(* Let $A\in\mathbb{R}^{n\times n}$ with $\rho(A)<1$, $C\in\mathbb{R}^{m\times n}$, and $Q\in\mathbb{R}^{n\times n}$, $R\in\mathbb{R}^{m\times m}$ symmetric positive definite, with $(A,C)$ observable and $(A,Q^{1/2})$ controllable. Let $\bar P$ be the unique stabilizing positive definite solution of $$\bar P = A\bar PA^{\intercal}+Q-(A\bar PA^{\intercal}+Q)C^{\intercal}\big(C(A\bar PA^{\intercal}+Q)C^{\intercal}+R\big)^{-1}C(A\bar PA^{\intercal}+Q),$$ let $P^{OP}=L(A,Q)$ and $P_n=P^{OP}+\bar P$. Fix $\gamma^e$ with $0<\gamma^e<1$ and, for $\mu\in(0,1)$, define $$J^e(\mu)=(1-\gamma^e)(1-\mu)\operatorname{tr}W^e+\gamma^e\operatorname{tr}S^e+(1-\gamma^e)\mu\operatorname{tr}H^e,$$ where $W^e=L(\sqrt{\gamma^e}A,\bar P)$, $S^e=L(\sqrt{\gamma^e}A,Q)$, $H^e=L(\sqrt{\gamma^e}A,P_n)$. Then for all $0<\mu^\star<\mu<1$ we have $J^e(\mu^\star)<J^e(\mu)$, i.e. $J^e$ is strictly increasing on $(0,1)$.
   Context: For a square matrix $T$ with $\rho(T)<1$ and a symmetric matrix $U$, $L(T,U)$ denotes the unique solution $V$ of $V=TVT^{\intercal}+U$, equivalently $L(T,U)=\sum_{j=0}^{\infty}T^jU(T^{\intercal})^j$. $J^e(\mu)$ is the trace of the steady-state expected estimation error covariance of an eavesdropper when the sensor transmits noise with probability $\mu$ and the eavesdropper's packet dropout probability is $\gamma^e$. *)

theory Defs
  imports "HOL-Analysis.Analysis"
begin

primrec mpow :: "real^'n^'n \<Rightarrow> nat \<Rightarrow> real^'n^'n" where
  "mpow A 0 = mat 1"
| "mpow A (Suc k) = A ** mpow A k"

definition cplx :: "real^'n^'m \<Rightarrow> complex^'n^'m" where
  "cplx A = (\<chi> i j. complex_of_real (A $ i $ j))"

definition spectral_radius :: "real^'n^'n \<Rightarrow> real" where
  "spectral_radius A =
     Sup {cmod l | l. \<exists>v. v \<noteq> 0 \<and> cplx A *v v = l *s v}"

definition pos_def :: "real^'n^'n \<Rightarrow> bool" where
  "pos_def M \<longleftrightarrow> transpose M = M \<and> (\<forall>x. x \<noteq> 0 \<longrightarrow> x \<bullet> (M *v x) > 0)"

definition pos_semidef :: "real^'n^'n \<Rightarrow> bool" where
  "pos_semidef M \<longleftrightarrow> transpose M = M \<and> (\<forall>x. x \<bullet> (M *v x) \<ge> 0)"

definition msqrt :: "real^'n^'n \<Rightarrow> real^'n^'n" where
  "msqrt Q = (THE B. pos_semidef B \<and> B ** B = Q)"

(* (A,C) observable: the observability matrix [C; CA; ...; CA^(n-1)] has rank n,
   written as: its kernel is trivial *)
definition observable :: "real^'n^'n \<Rightarrow> real^'n^'m \<Rightarrow> bool" where
  "observable A C \<longleftrightarrow>
     (\<forall>x. (\<forall>k<CARD('n). (C ** mpow A k) *v x = 0) \<longrightarrow> x = 0)"

(* (A,B) controllable: the controllability matrix [B, AB, ..., A^(n-1)B] has rank n,
   written as: its left kernel is trivial *)
definition controllable :: "real^'n^'n \<Rightarrow> real^'k^'n \<Rightarrow> bool" where
  "controllable A B \<longleftrightarrow>
     (\<forall>x. (\<forall>k<CARD('n). x v* (mpow A k ** B) = 0) \<longrightarrow> x = 0)"

definition lyap :: "real^'n^'n \<Rightarrow> real^'n^'n \<Rightarrow> real^'n^'n" where
  "lyap T U = (\<Sum>j. mpow T j ** U ** transpose (mpow T j))"

definition prior :: "real^'n^'n \<Rightarrow> real^'n^'n \<Rightarrow> real^'n^'n \<Rightarrow> real^'n^'n" where
  "prior A Q P = A ** P ** transpose A + Q"

definition gain :: "real^'n^'n \<Rightarrow> real^'n^'m \<Rightarrow> real^'n^'n \<Rightarrow> real^'m^'m \<Rightarrow> real^'n^'n \<Rightarrow> real^'m^'n" where
  "gain A C Q R P = prior A Q P ** transpose C ** matrix_inv (C ** prior A Q P ** transpose C + R)"

definition riccati_sol :: "real^'n^'n \<Rightarrow> real^'n^'m \<Rightarrow> real^'n^'n \<Rightarrow> real^'m^'m \<Rightarrow> real^'n^'n \<Rightarrow> bool" where
  "riccati_sol A C Q R P \<longleftrightarrow>
     P = prior A Q P - prior A Q P ** transpose C **
           matrix_inv (C ** prior A Q P ** transpose C + R) ** C ** prior A Q P"

definition stabilizing :: "real^'n^'n \<Rightarrow> real^'n^'m \<Rightarrow> real^'n^'n \<Rightarrow> real^'m^'m \<Rightarrow> real^'n^'n \<Rightarrow> bool" where
  "stabilizing A C Q R P \<longleftrightarrow>
     spectral_radius (A ** (mat 1 - gain A C Q R P ** C)) < 1"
⁂
Whenever a line includes the word "gamma", pull it out of the entries.

(* Let $A\in\mathbb{R}^{n\times n}$ with $\rho(A)<1$, $C\in\mathbb{R}^{m\times n}$, and $Q\in\mathbb{R}^{n\times n}$, $R\in\mathbb{R}^{m\times m}$ symmetric positive definite, with $(A,C)$ observable and $(A,Q^{1/2})$ controllable. Let $\bar P$ be the unique stabilizing positive definite solution of $$\bar P = A\bar PA^{\intercal}+Q-(A\bar PA^{\intercal}+Q)C^{\intercal}\big(C(A\bar PA^{\intercal}+Q)C^{\intercal}+R\big)^{-1}C(A\bar PA^{\intercal}+Q),$$ let $P^{OP}=L(A,Q)$ and $P_n=P^{OP}+\bar P$. Fix $\gamma^e$ with $0<\gamma^e<1$ and, for $\mu\in(0,1)$, define $$J^e(\mu)=(1-\gamma^e)(1-\mu)\operatorname{tr}W^e+\gamma^e\operatorname{tr}S^e+(1-\gamma^e)\mu\operatorname{tr}H^e,$$ where $W^e=L(\sqrt{\gamma^e}A,\bar P)$, $S^e=L(\sqrt{\gamma^e}A,Q)$, $H^e=L(\sqrt{\gamma^e}A,P_n)$. Then for all $0<\mu^\star<\mu<1$ we have $J^e(\mu^\star)<J^e(\mu)$, i.e. $J^e$ is strictly increasing on $(0,1)$.
   Context: For a square matrix $T$ with $\rho(T)<1$ and a symmetric matrix $U$, $L(T,U)$ denotes the unique solution $V$ of $V=TVT^{\intercal}+U$, equivalently $L(T,U)=\sum_{j=0}^{\infty}T^jU(T^{\intercal})^j$. $J^e(\mu)$ is the trace of the steady-state expected estimation error covariance of an eavesdropper when the sensor transmits noise with probability $\mu$ and the eavesdropper's packet dropout probability is $\gamma^e$. *)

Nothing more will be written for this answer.